PATIENTS/SAMPLE/PARTICIPANTS: Forty-three consecutive incident INHD patients took part in the INHD program of whom 42 provided informed consent to participate in this study.
We conducted a retrospective observational study including incident INHD patients from 2015 to 2017. The primary outcome was technique failure ≤6 months (TF ≤6). Secondary outcomes included technique survival and reasons for/predictors of INHD discontinuation or temporary disruption. Predictors of each outcome included demographics, comorbidities, and Clinical Frailty Scale (CFS) scoring.
Among 42 patients, mean (SD) age, dialysis vintage, CFS score, and follow-up were 63 (16) years, 46 (55) months, 4 (1), and 11 (9) months, respectively. 52% were aged ≥65 years. TF ≤6 occurred in 12 (29%) patients. One-year technique survival censored for transplants and home dialysis transitions was 60%. Discontinuation related to insomnia (32%), medical status change (27%), and vascular access (23%). In unadjusted Cox survival analysis, 1-point increases in CFS score associated with a higher risk of technique failure (hazard ratio: 2.04, 95% confidence interval [CI]: 1.26-3.31). In an adjusted analysis, higher frailty severity also associated with temporary INHD disruptions (incidence rate ratio: 2.64, 95% CI: 1.55-4.50, comparing CFS of ≥4 to 1-3).
The retrospective, observational design of this study resulted in limited ability to control for confounding factors.

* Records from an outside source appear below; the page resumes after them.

(* Let $K$ be a field and let $p(s)=s^n+a_{n-1}s^{n-1}+\dots+a_0\in K[s]$ be a monic irreducible polynomial of degree $n$. Let $b(s)=(1,s,\dots,s^{n-1})^T\in K^n[s]$, let $C=C(p)$ be the companion matrix of $p$ and let $M=M(p)$ be the Hankel matrix defined in the context. Then \[ (sI-C)^{-1}=\pi_-\bigl(p^{-1}\,b\,b^TM\bigr), \] and for every integer $k\ge1$, \[ \bigl(sI-J(p^k)\bigr)^{-1}=\pi_-\Bigl(\bigl(pI_k-N_k\bigr)^{-1}\otimes b\,b^TM\Bigr). \]
   Context: For $f\in K(s)$ (rational functions over $K$) write uniquely $f=w+y$ with $w$ strictly proper (i.e. $w=0$ or $w=g/h$, $\deg g<\deg h$) and $y\in K[s]$; $\pi_-f=w$, applied entrywise to matrices. The companion matrix $C=C(p)$ is the $n\times n$ matrix with ones in positions $(i,i+1)$, $i=1,\dots,n-1$, last row $(-a_0,-a_1,\dots,-a_{n-1})$, and zeros elsewhere. $M=M(p)$ is the $n\times n$ matrix whose $(i,j)$ entry is $a_{i+j-1}$ if $i+j-1\le n-1$, $1$ if $i+j-1=n$, and $0$ if $i+j-1>n$ (first row $(a_1,\dots,a_{n-1},1)$, last row $(1,0,\dots,0)$). $N_k$ is the $k\times k$ matrix with ones on the superdiagonal and zeros elsewhere, and $I_k$ the $k\times k$ identity. $V=e_ne_1^T$ is the $n\times n$ matrix with a single $1$ in position $(n,1)$. The Jacobson block is $J(p^k)=I_k\otimes C+N_k\otimes V$ (an $nk\times nk$ matrix with $C$ in the diagonal blocks and $V$ in the blocks just above the diagonal), where $\otimes$ denotes the Kronecker product $A\otimes B=(a_{ij}B)$. *)

theory Defs
  imports "HOL-Computational_Algebra.Polynomial" "HOL-Computational_Algebra.Fraction_Field"
    "Jordan_Normal_Form.Gauss_Jordan_Elimination"
begin

text \<open>Rational functions K(s) are modelled as the fraction field of K[s].\<close>

definition const_rf :: "'a::field \<Rightarrow> 'a poly fract" where
  "const_rf c = Fract [:c:] 1"

definition poly_rf :: "'a::field poly \<Rightarrow> 'a poly fract" where
  "poly_rf q = Fract q 1"

definition s_rf :: "'a::field poly fract" where
  "s_rf = Fract [:0, 1:] 1"

definition strictly_proper :: "'a::field poly fract \<Rightarrow> bool" where
  "strictly_proper w \<longleftrightarrow> w = 0 \<or> (\<exists>g h. h \<noteq> 0 \<and> degree g < degree h \<and> w = Fract g h)"
(* Fix a cooperative Markov game, target and avoid sets, and a stationary joint policy $\pi$ with $v^{full}>0$, as described in the context. Let $p\in[0,1]$. Suppose the loss time in imaginary play (Algorithm 1) is random, independent of the game's randomness, with $\Pr(t_{loss}=t)=(1-p)^tp$ for $t=0,1,2,\dots$. Let $v^{img}$ be the resulting reach-avoid probability. Then $$v^{img}\ge\max\Big(v^{full}-\sqrt{1-\exp(-C_\pi)},\;v^{full}(1-p)^{\,l^{full}/v^{full}}\Big).$$
   Context: Multiagent model: there are $N$ agents. Agent $i$ is modeled by a finite MDP $\mathcal{M}^i=(\mathcal{S}^i,s_I^i,\mathcal{A}^i,\mathcal{T}^i)$. Here $\mathcal{S}^i$ is a finite state set, $s_I^i\in\mathcal{S}^i$ is the initial state, $\mathcal{A}^i$ is a finite action set, and $\mathcal{T}^i:\mathcal{S}^i\times\mathcal{A}^i\to\Delta(\mathcal{S}^i)$ is the transition kernel. The cooperative Markov game has joint state set $\mathbf{S}=\prod_i\mathcal{S}^i$, joint initial state $\mathbf{s}_I=(s_I^1,\dots,s_I^N)$, and joint action set $\mathbf{A}=\prod_i\mathcal{A}^i$. Its transition kernel is $\mathbf{T}(\mathbf{s},\mathbf{a},\mathbf{y})=\prod_{i}\mathcal{T}^i(s^i,a^i,y^i)$. A stationary joint policy is a map $\pi:\mathbf{S}\to\Delta(\mathbf{A})$. A joint path is an infinite sequence $\mathbf{s}_0\mathbf{a}_0\mathbf{s}_1\mathbf{a}_1\cdots\in(\mathbf{S}\times\mathbf{A})^\omega$ with $\mathbf{s}_0=\mathbf{s}_I$. All random sampling below is mutually independent given the stated conditioning. Full-communication execution: at each time $t$, $\mathbf{a}_t\sim\pi(\mathbf{s}_t)$ is drawn once for the whole team. Each agent $i$ then moves to $s^i_{t+1}\sim\mathcal{T}^i(s^i_t,a^i_t)$. $\Gamma^{full}$ denotes the resulting distribution over joint paths. Imaginary play with loss time $t_{loss}\in\{0,1,\dots\}\cup\{\infty\}$ (Algorithm 1): - For $t<t_{loss}$, the team acts exactly as under full communication. Each agent $i$ records $\hat s^j_{t,i}=s^j_t$ for all $j\ne i$, and records $\hat{\mathbf a}_{t,i}=\mathbf a_t$. - For $t\ge t_{loss}$, each agent $i$ acts separately and does not observe the others. First it sets its imaginary teammate states. If $t=0$, it sets $\hat s^j_{0,i}=s_I^j$ for $j\neq i$. Otherwise it samples $\hat s^j_{t,i}\sim\mathcal{T}^j(\hat s^j_{t-1,i},\hat a^j_{t-1,i})$ for $j\ne i$, where $\hat a^j_{t-1,i}$ is the $j$-th component of $\hat{\mathbf a}_{t-1,i}$. - Agent $i$ then samples its own joint action $\hat{\mathbf a}_{t,i}\sim\pi(\hat s^1_{t,i},\dots,\hat s^{i-1}_{t,i},s^i_t,\hat s^{i+1}_{t,i},\dots,\hat s^N_{t,i})$. - Agent $i$ executes only its own component $\hat a^i_{t,i}$, and moves to $s^i_{t+1}\sim\mathcal{T}^i(s^i_t,\hat a^i_{t,i})$. - The realized joint action at time $t$ is $\mathbf a_t=(\hat a^1_{t,1},\dots,\hat a^N_{t,N})$. $\Gamma^{img}_{t_{loss}}$ denotes the induced distribution over realized joint paths. Total correlation: let $\mathbf X$ be the random joint path under $\Gamma^{full}$, and $X^i$ its projection $s^i_0a^i_0s^i_1a^i_1\cdots$ onto agent $i$. The total correlation of $\pi$ is $$C_\pi=\Big[\sum_{i=1}^N H(X^i)\Big]-H(\mathbf X)=KL(\Gamma^{full}\|\Gamma^{img}_0).$$ The equality holds because $\Gamma^{img}_0$ is the product of the agents' marginal path distributions under $\Gamma^{full}$. Reach-avoid objective: a target set $\mathbf S_{\mathcal T}\subseteq\mathbf S$ and an avoid set $\mathbf S_{\mathcal A}\subseteq\mathbf S$ are given. A joint path succeeds if there is $M$ with $\mathbf s_M\in\mathbf S_{\mathcal T}$ and $\mathbf s_t\notin\mathbf S_{\mathcal A}$ for all $t<M$. $v^{full}$ is the success probability under $\Gamma^{full}$. Path length: $\mathbf S_{\mathcal D}$ is the set of joint states from which, under $\pi$ with full communication, the probability of success is $0$. For a path $\xi$, $len(\xi)=\min\{t+1:\mathbf s_t\in\mathbf S_{\mathcal T}\cup\mathbf S_{\mathcal D}\}$. Finally, $l^{full}=\mathbb E_{\xi\sim\Gamma^{full}}[len(\xi)]$. *)

theory Defs
  imports "HOL-Probability.Probability"
begin
lemma shear_is_automorphism:
  assumes S: "strictly_upper n c" and n: "2 \<le> n"
    and f_shear: "\<forall>v\<in>vspace n. f v = shear n x v"
  shows "is_automorphism n c f"
proof -
  have f: "f v = shear n x v" if "v \<in> vspace n" for v
    using f_shear that by blast
  have shear_in: "shear n y v \<in> vspace n" if "v \<in> vspace n" for y v
    using that n by (auto simp: vspace_def shear_apply)
  have inverse: "shear n (- x) (shear n x v) = v" "shear n x (shear n (- x) v) = v" for v
    using n by (simp_all add: fun_eq_iff shear_apply)
  have "bij_betw (shear n x) (vspace n) (vspace n)"
    by (rule bij_betw_byWitness[where f' = "shear n (- x)"]) (use inverse shear_in in auto)
  then have "bij_betw f (vspace n) (vspace n)"
    using f by (simp cong: bij_betw_cong)
  moreover have "f (vadd a b) = vadd (f a) (f b)" if "a \<in> vspace n" "b \<in> vspace n" for a b
    using that vadd_in_vspace[OF that] by (simp add: f fun_eq_iff shear_apply vadd_def distrib_right)
  moreover have "f (vscale t a) = vscale t (f a)" if "a \<in> vspace n" for t a
    using that vscale_in_vspace[OF that] by (simp add: f fun_eq_iff shear_apply vscale_def algebra_simps)
  moreover have "f (alg_mult n c a b) = alg_mult n c (f a) (f b)" if "a \<in> vspace n" "b \<in> vspace n" for a b
  proof -
    have "alg_mult n c a b 1 = 0" using alg_mult_eq_0_below[OF S] vspace_eq_0[OF that(1)] by simp
    then have "f (alg_mult n c a b) = alg_mult n c a b"
      by (simp add: f alg_mult_in_vspace fun_eq_iff shear_apply)
    also have "\<dots> = alg_mult n c (f a) (f b)"
      using that by (intro alg_mult_cong_off_top[OF S, symmetric]) (simp_all add: f shear_apply)
    finally show ?thesis .
  qed
  ultimately show ?thesis unfolding is_automorphism_def by blast
qed
(* Let $T\ge2$ and let $\tau^{*,1}, \tau^{*,2}, \ldots, \tau^{*,T-1}\in[0,\infty)$ be asymptotically optimal for iteration $T$. Then for every $t<T$, $\tau^{*,1}, \ldots, \tau^{*,t-1}$ are asymptotically optimal for iteration $t$.
   Context: Fix $\delta\in(0,1)$, a noise variance $\sigma_\omega^2\ge0$, and a probability distribution $p_\beta$ on $\mathbb{R}$ with finite second moment. Let $B\sim p_\beta$ and $W\sim N(0,1)$ be independent, and let $\eta(a;\tau)=(|a|-\tau)_+\,\mathrm{sign}(a)$ be soft thresholding. The state evolution of approximate message passing (AMP) with thresholds $\tau^1,\tau^2,\ldots\ge0$ is $(\sigma^0)^2=\mathbb{E}[B^2]/\delta$ and $(\sigma^{t+1})^2=\sigma_\omega^2+\frac1\delta\mathbb{E}_{B,W}[(\eta(B+\sigma^tW;\tau^t)-B)^2]$; write $\sigma^T(\tau^1,\ldots,\tau^{T-1})$ for the resulting value at step $T$. (By the AMP state evolution theorem, $\sigma^t$ determines the almost-sure limit of the per-coordinate MSE of the AMP iterates in the asymptotic Gaussian-design setting.) A sequence $\tau^{*,1},\ldots,\tau^{*,T-1}$ is called asymptotically optimal for iteration $T$ if $\sigma^T(\tau^{*,1},\ldots,\tau^{*,T-1})\le\sigma^T(\tau^1,\ldots,\tau^{T-1})$ for all $(\tau^1,\ldots,\tau^{T-1})\in[0,\infty)^{T-1}$. (The paper assumes such minimizers exist, which excludes the case $p_\beta=\delta_0$.) *)

theory Defs
  imports "HOL-Probability.Probability"
begin

definition soft_thr :: "real \<Rightarrow> real \<Rightarrow> real" where
  "soft_thr a \<tau> = max (\<bar>a\<bar> - \<tau>) 0 * sgn a"

definition std_gauss :: "real measure" where
  "std_gauss = density lborel std_normal_density"

definition se_mse :: "real measure \<Rightarrow> real \<Rightarrow> real \<Rightarrow> real" where
  "se_mse p s \<tau> =
     (\<integral>b. (\<integral>w. (soft_thr (b + s * w) \<tau> - b)\<^sup>2 \<partial>std_gauss) \<partial>p)"

text \<open>State evolution.  se_aux p delta sw2 tau k is sigma^(k+1):
  sigma^1 is the initial value sqrt(E[B^2]/delta) and
  sigma^(t+1) = sqrt(sw2 + (1/delta) E[(eta(B + sigma^t W; tau^t) - B)^2]) for t >= 1,
  so that sigma^T depends exactly on tau^1, ..., tau^(T-1).\<close>
primrec se_aux :: "real measure \<Rightarrow> real \<Rightarrow> real \<Rightarrow> (nat \<Rightarrow> real) \<Rightarrow> nat \<Rightarrow> real" where
  "se_aux p \<delta> sw2 \<tau> 0 = sqrt ((\<integral>b. b\<^sup>2 \<partial>p) / \<delta>)"
| "se_aux p \<delta> sw2 \<tau> (Suc k) =
     sqrt (sw2 + (1 / \<delta>) * se_mse p (se_aux p \<delta> sw2 \<tau> k) (\<tau> (Suc k)))"

definition se_sigma :: "real measure \<Rightarrow> real \<Rightarrow> real \<Rightarrow> nat \<Rightarrow> (nat \<Rightarrow> real) \<Rightarrow> real" where
  "se_sigma p \<delta> sw2 T \<tau> = se_aux p \<delta> sw2 \<tau> (T - 1)"

definition asymp_optimal :: "real measure \<Rightarrow> real \<Rightarrow> real \<Rightarrow> nat \<Rightarrow> (nat \<Rightarrow> real) \<Rightarrow> bool" where
  "asymp_optimal p \<delta> sw2 T \<tau> \<longleftrightarrow>
     (\<forall>i\<in>{1..<T}. 0 \<le> \<tau> i) \<and>
     (\<forall>\<tau>'. (\<forall>i\<in>{1..<T}. 0 \<le> \<tau>' i) \<longrightarrow> se_sigma p \<delta> sw2 T \<tau> \<le> se_sigma p \<delta> sw2 T \<tau>')"

end

theory Submission
  imports Defs
begin

text \<open>Lowering the variance of the effective observation can never hurt: if
  \<open>s\<^sub>1 < s\<^sub>2\<close>, rescaling a threshold \<open>t = a s\<^sub>2\<close> to \<open>a s\<^sub>1\<close> strictly decreases the
  soft-thresholding risk, since pointwise the residual
  \<open>\<eta>(b + s w; a s) - b = max (s (w - a)) (min (s (w + a)) (-b))\<close> grows in \<open>|\<cdot>|\<close> with
  \<open>s\<close>, strictly so for large \<open>w\<close>.  Consequently a strict improvement of \<open>\<sigma>\<^sup>t\<close>
  propagates through every later step of the state evolution.  If a prefix of an
  optimal threshold sequence were not optimal for iteration \<open>t\<close>, replacing it and
  then rescaling the remaining thresholds would beat the optimum at iteration \<open>T\<close>.\<close>

lemma soft_thr_measurable [measurable]:
  assumes "f \<in> borel_measurable M" "g \<in> borel_measurable M"
  shows "(\<lambda>x. soft_thr (f x) (g x)) \<in> borel_measurable M"
proof -
  have "(\<lambda>x. sgn (f x)) \<in> borel_measurable M"
    using measurable_compose[OF assms(1) borel_measurable_sgn] by (simp add: o_def)
  then show ?thesis unfolding soft_thr_def using assms by measurable
qed

lemma abs_soft_thr_le: "0 \<le> t \<Longrightarrow> \<bar>soft_thr x t\<bar> \<le> \<bar>x\<bar>"
  unfolding soft_thr_def by (auto simp: abs_mult sgn_if)

lemma soft_thr_residual_sq_le:
  assumes "0 \<le> t"
  shows "(soft_thr (b + s * w) t - b)\<^sup>2 \<le> 8 * b\<^sup>2 + 2 * s\<^sup>2 * w\<^sup>2"
proof -
  have "\<bar>soft_thr (b + s * w) t - b\<bar> \<le> 2 * \<bar>b\<bar> + \<bar>s * w\<bar>"
    using abs_soft_thr_le[OF assms, of "b + s * w"] abs_triangle_ineq[of b "s * w"] by linarith
  then have "(soft_thr (b + s * w) t - b)\<^sup>2 \<le> (2 * \<bar>b\<bar> + \<bar>s * w\<bar>)\<^sup>2"
    by (simp add: abs_le_square_iff[symmetric])
  also have "\<dots> \<le> 8 * b\<^sup>2 + 2 * s\<^sup>2 * w\<^sup>2"
    using sum_squares_ge_zero[of "2 * \<bar>b\<bar> - \<bar>s * w\<bar>" 0]
    by (simp add: power2_eq_square algebra_simps)
  finally show ?thesis .
qed

lemma soft_thr_scaled_residual:
  assumes "0 \<le> s" "0 \<le> a"
  shows "soft_thr (b + s * w) (a * s) - b = max (s * (w - a)) (min (s * (w + a)) (- b))"
proof -
  have "0 \<le> a * s" using assms by simp
  then show ?thesis
    unfolding soft_thr_def by (auto simp: sgn_if max_def min_def algebra_simps)
qed

text \<open>Scaling an interval \<open>[l, u]\<close> by a larger factor moves each endpoint away from
  \<open>0\<close>, so the point of the interval closest to a fixed \<open>c\<close> moves away from \<open>0\<close>.\<close>

lemma clamp_scaled_sq_mono:
  fixes s1 s2 l u c :: real
  assumes "0 \<le> s1" "s1 \<le> s2" "l \<le> u"
  shows "(max (s1 * l) (min (s1 * u) c))\<^sup>2 \<le> (max (s2 * l) (min (s2 * u) c))\<^sup>2"
proof -
  have away: "0 \<le> s1 * x \<and> s1 * x \<le> s2 * x \<or> s2 * x \<le> s1 * x \<and> s1 * x \<le> 0" for x
    using assms by (cases "0 \<le> x") (auto intro: mult_right_mono mult_right_mono_neg
        simp: mult_nonneg_nonpos)
  have "s1 * l \<le> s1 * u" "s2 * l \<le> s2 * u"
    using assms by (auto intro: mult_left_mono)
  then show ?thesis
    unfolding abs_le_square_iff[symmetric] using away[of l] away[of u] by (smt (verit))
qed

text \<open>The bound on \<open>w\<close> puts both \<open>s\<^sub>1 (w + a)\<close> and \<open>c\<close> below \<open>s\<^sub>2 (w - a)\<close>.\<close>

lemma clamp_scaled_sq_strict_mono:
  fixes s1 s2 a w c :: real
  assumes "0 \<le> s1" "s1 < s2" "0 \<le> a"
    and w: "a * (s1 + s2) / (s2 - s1) + \<bar>c\<bar> / s2 + a < w"
  shows "(max (s1 * (w - a)) (min (s1 * (w + a)) c))\<^sup>2
       < (max (s2 * (w - a)) (min (s2 * (w + a)) c))\<^sup>2"
proof -
  have s2: "0 < s2" "0 < s2 - s1" using assms by linarith+
  have "0 \<le> a * (s1 + s2) / (s2 - s1)" "0 \<le> \<bar>c\<bar> / s2" using assms s2 by auto
  then have wa: "a * (s1 + s2) / (s2 - s1) < w - a" "\<bar>c\<bar> / s2 < w - a" "0 < w - a"
    using w by linarith+
  have "a * (s1 + s2) < (w - a) * (s2 - s1)"
    using wa(1) s2(2) by (simp add: pos_divide_less_eq)
  moreover have "a * (2 * s1) \<le> a * (s1 + s2)"
    using assms by (intro mult_left_mono) auto
  ultimately have "s1 * (w + a) < s2 * (w - a)"
    by (simp add: algebra_simps)
  moreover have "c < s2 * (w - a)"
    using wa(2) s2(1) by (simp add: pos_divide_less_eq mult.commute)
  moreover have "0 \<le> s1 * (w - a)" "s1 * (w - a) \<le> s1 * (w + a)"
    using assms wa(3) by (auto intro: mult_left_mono)
  ultimately show ?thesis
    by (intro power_strict_mono) auto
qed

lemma prob_space_std_gauss: "prob_space std_gauss"
  unfolding std_gauss_def by (rule prob_space_normal_density) (rule zero_less_one)

lemma sets_std_gauss [simp, measurable_cong]: "sets std_gauss = sets borel"
  unfolding std_gauss_def by simp

lemma space_std_gauss [simp]: "space std_gauss = UNIV"
  unfolding std_gauss_def by simp

lemma integrable_std_gauss_square: "integrable std_gauss (\<lambda>w. w\<^sup>2)"
  unfolding std_gauss_def
  by (subst integrable_density) (auto simp: integrable_std_normal_moment)

lemma emeasure_std_gauss_interval_neq_0:
  fixes x y :: real
  assumes "x < y"
  shows "emeasure std_gauss {x<..<y} \<noteq> 0"
proof
  assume "emeasure std_gauss {x<..<y} = 0"
  then have "AE w in std_gauss. w \<notin> {x<..<y}"
    by (subst AE_iff_measurable[where N="{x<..<y}"]) auto
  then have "AE w in lborel. 0 < std_normal_density w \<longrightarrow> w \<notin> {x<..<y}"
    unfolding std_gauss_def by (subst (asm) AE_density) auto
  moreover have "AE w in lborel. 0 < std_normal_density w"
    by (intro AE_I2) (simp add: normal_density_pos)
  ultimately have "AE w in lborel. w \<notin> {x<..<y}"
    by eventually_elim auto
  then have "emeasure lborel {x<..<y} = 0"
    by (subst (asm) AE_iff_measurable[where N="{x<..<y}"]) auto
  then show False using assms by simp
qed

lemma integrable_soft_thr_residual_sq:
  assumes "0 \<le> t"
  shows "integrable std_gauss (\<lambda>w. (soft_thr (b + s * w) t - b)\<^sup>2)"
proof -
  interpret prob_space std_gauss by (rule prob_space_std_gauss)
  have "integrable std_gauss (\<lambda>w. 8 * b\<^sup>2 + 2 * s\<^sup>2 * w\<^sup>2)"
    using integrable_std_gauss_square by auto
  then show ?thesis
    by (rule Bochner_Integration.integrable_bound)
      (use soft_thr_residual_sq_le[OF assms] in auto)
qed
lemma fin_smeasure_dens_smeasure:
  fixes h :: "real \<Rightarrow> real"
  assumes sets: "sets M = sets (restrict_space borel {A..B})" and h: "integrable M h"
  shows "fin_smeasure A B (dens_smeasure M h)"
proof -
  have "finite_measure (density M (\<lambda>t. ennreal (max 0 (s * h t))))" if "s = 1 \<or> s = -1" for s
  proof (rule finite_measureI)
    have "emeasure (density M (\<lambda>t. ennreal (max 0 (s * h t)))) (space M)
        = (\<integral>\<^sup>+ t. ennreal (max 0 (s * h t)) \<partial>M)"
      using h by (subst emeasure_density) (auto intro!: nn_integral_cong)
    also have "\<dots> \<le> (\<integral>\<^sup>+ t. ennreal (norm (h t)) \<partial>M)"
      using that by (intro nn_integral_mono ennreal_leI) auto
    also have "\<dots> < \<infinity>"
      using h unfolding integrable_iff_bounded by blast
    finally show "emeasure (density M (\<lambda>t. ennreal (max 0 (s * h t))))
        (space (density M (\<lambda>t. ennreal (max 0 (s * h t))))) \<noteq> \<infinity>"
      by simp
  qed
  from this[of 1] this[of "-1"] show ?thesis
    unfolding fin_smeasure_def dens_smeasure_def using sets by simp
qed
lemma funpow_intertwine_coeff:
  assumes I: "finite I" and f: "lin sc f" and T: "\<And>d. d \<in> I \<Longrightarrow> lin sc (T d)"
    and rel: "\<And>d x. d \<in> I \<Longrightarrow> f (T d x) = T d (f x) + (\<Sum>e\<in>I. sc (K e d) (T e x))"
    and g: "g \<in> I" and B2: "independent B2" and TB2: "\<And>d i. d \<in> I \<Longrightarrow> T d ((f ^^ i) v) \<in> span B2"
  shows "representation B2 ((f ^^ n) (T g v)) b' / of_nat (fact n)
       = (\<Sum>d\<in>I. \<Sum>j\<le>n. (kpow I K j d g / of_nat (fact j))
            * (representation B2 (T d ((f ^^ (n - j)) v)) b' / of_nat (fact (n - j))))"
proof -
  have in2: "(\<Sum>d\<in>I. sc (kpow I K j d g) (T d ((f ^^ (n - j)) v))) \<in> span B2" for j
    by (intro span_sum span_scale TB2)
  have PI: "(f ^^ n) (T g v) = (\<Sum>j\<le>n. sc (of_nat (n choose j)) (\<Sum>d\<in>I. sc (kpow I K j d g) (T d ((f ^^ (n - j)) v))))"
    by (rule funpow_intertwine[OF I f T rel g])
  have "representation B2 ((f ^^ n) (T g v)) b' / of_nat (fact n)
      = (\<Sum>j\<le>n. of_nat (n choose j) * (\<Sum>d\<in>I. kpow I K j d g * representation B2 (T d ((f ^^ (n - j)) v)) b')) / of_nat (fact n)"
    unfolding PI representation_sum_scale[OF B2 in2]
    by (intro arg_cong2[where f="(/)"] sum.cong refl arg_cong2[where f="(*)"] representation_sum_scale[OF B2] TB2)
  also have "\<dots> = (\<Sum>j\<le>n. \<Sum>d\<in>I. (kpow I K j d g / of_nat (fact j))
            * (representation B2 (T d ((f ^^ (n - j)) v)) b' / of_nat (fact (n - j))))"
    unfolding sum_divide_distrib
  proof (rule sum.cong[OF refl])
    fix j assume "j \<in> {..n}"
    hence "of_nat (n choose j) / of_nat (fact n) = (1 / (fact j * fact (n - j)) :: complex)"
      using inverse_fact_mult_binomial[of j n] by simp
    thus "of_nat (n choose j) * (\<Sum>d\<in>I. kpow I K j d g * representation B2 (T d ((f ^^ (n - j)) v)) b') / of_nat (fact n)
        = (\<Sum>d\<in>I. (kpow I K j d g / of_nat (fact j)) * (representation B2 (T d ((f ^^ (n - j)) v)) b' / of_nat (fact (n - j))))"
      unfolding sum_distrib_left sum_divide_distrib by (intro sum.cong refl) (simp add: field_simps)
  qed
  also have "\<dots> = (\<Sum>d\<in>I. \<Sum>j\<le>n. (kpow I K j d g / of_nat (fact j))
            * (representation B2 (T d ((f ^^ (n - j)) v)) b' / of_nat (fact (n - j))))"
    by (rule sum.swap)
  finally show ?thesis .
qed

In addition, the relatively small number of events observed owing to a small sample size diminished statistical power to inform study conclusions. Use of a single physician to determine the clinical frailty score is another limitation. Finally, the use of a single center for this study limits generalizability to other programs and clinic settings.
INHD is a sustainable modality, even among older patients. Higher frailty associates with INHD technique failure and greater missed treatments. Inclusion of a CFS threshold of ≤4 into INHD inclusion criteria may help to identify individuals most likely to realize the long-term benefits of INHD.
Due to the retrospective and observational design of this study, trial registration was not necessary.
与传统的每周三次、每次4小时的透析疗程相比,长时间(7 - 8小时)血液透析具有诸多益处。由护士操作的中心夜间血液透析(INHD)可能会扩大能够接受强化透析方案的人群范围。
本研究的主要目的是确定INHD技术失败、中断及技术存活的预测因素。
本研究采用回顾性图表和数据库审查方法。
本研究在加拿大不列颠哥伦比亚省维多利亚市一家三级护理医院内的单一INHD项目中进行。我们的项目服务于约45万人口的集水区。
患者/样本/参与者:43例连续的初治INHD患者参加了INHD项目,其中42例提供了参与本研究的知情同意书。
我们进行了一项回顾性观察研究,纳入了2015年至2017年的初治INHD患者。主要结局是技术失败≤6个月(TF≤6)。次要结局包括技术存活以及INHD中断或暂时中断的原因/预测因素。每个结局的预测因素包括人口统计学、合并症和临床衰弱量表(CFS)评分。
42例患者的平均(标准差)年龄为63(16)岁,透析时间为46(55)个月,CFS评分为4(1),随访时间为11(9)个月。52%的患者年龄≥65岁。12例(29%)患者出现TF≤6。因移植和家庭透析转换而进行的一年技术存活审查率为60%。中断与失眠(32%)、医疗状况变化(27%)和血管通路(23%)有关。在未调整的Cox生存分析中,CFS评分每增加1分与技术失败风险较高相关(风险比:2.04,95%置信区间[CI]:1.26 - 3.31)。在调整分析中,较高的衰弱严重程度也与INHD暂时中断相关(发病率比:2.64,95%CI:1.55 - 4.50,比较CFS≥4与1 - 3)。
本研究的回顾性观察设计导致控制混杂因素的能力有限。此外,由于样本量较小,观察到的事件数量相对较少,削弱了为研究结论提供信息的统计效力。使用单一医生确定临床衰弱评分是另一个局限性。最后,但并非最不重要的一点是,本研究使用单一中心限制了其对其他项目和临床环境的可推广性。
INHD是一种可持续的治疗方式,即使在老年患者中也是如此。较高的衰弱程度与INHD技术失败和更多的治疗缺失相关。将CFS阈值≤4纳入INHD纳入标准可能有助于识别最有可能实现INHD长期益处的个体。
由于本研究的回顾性和观察性设计,无需进行试验注册。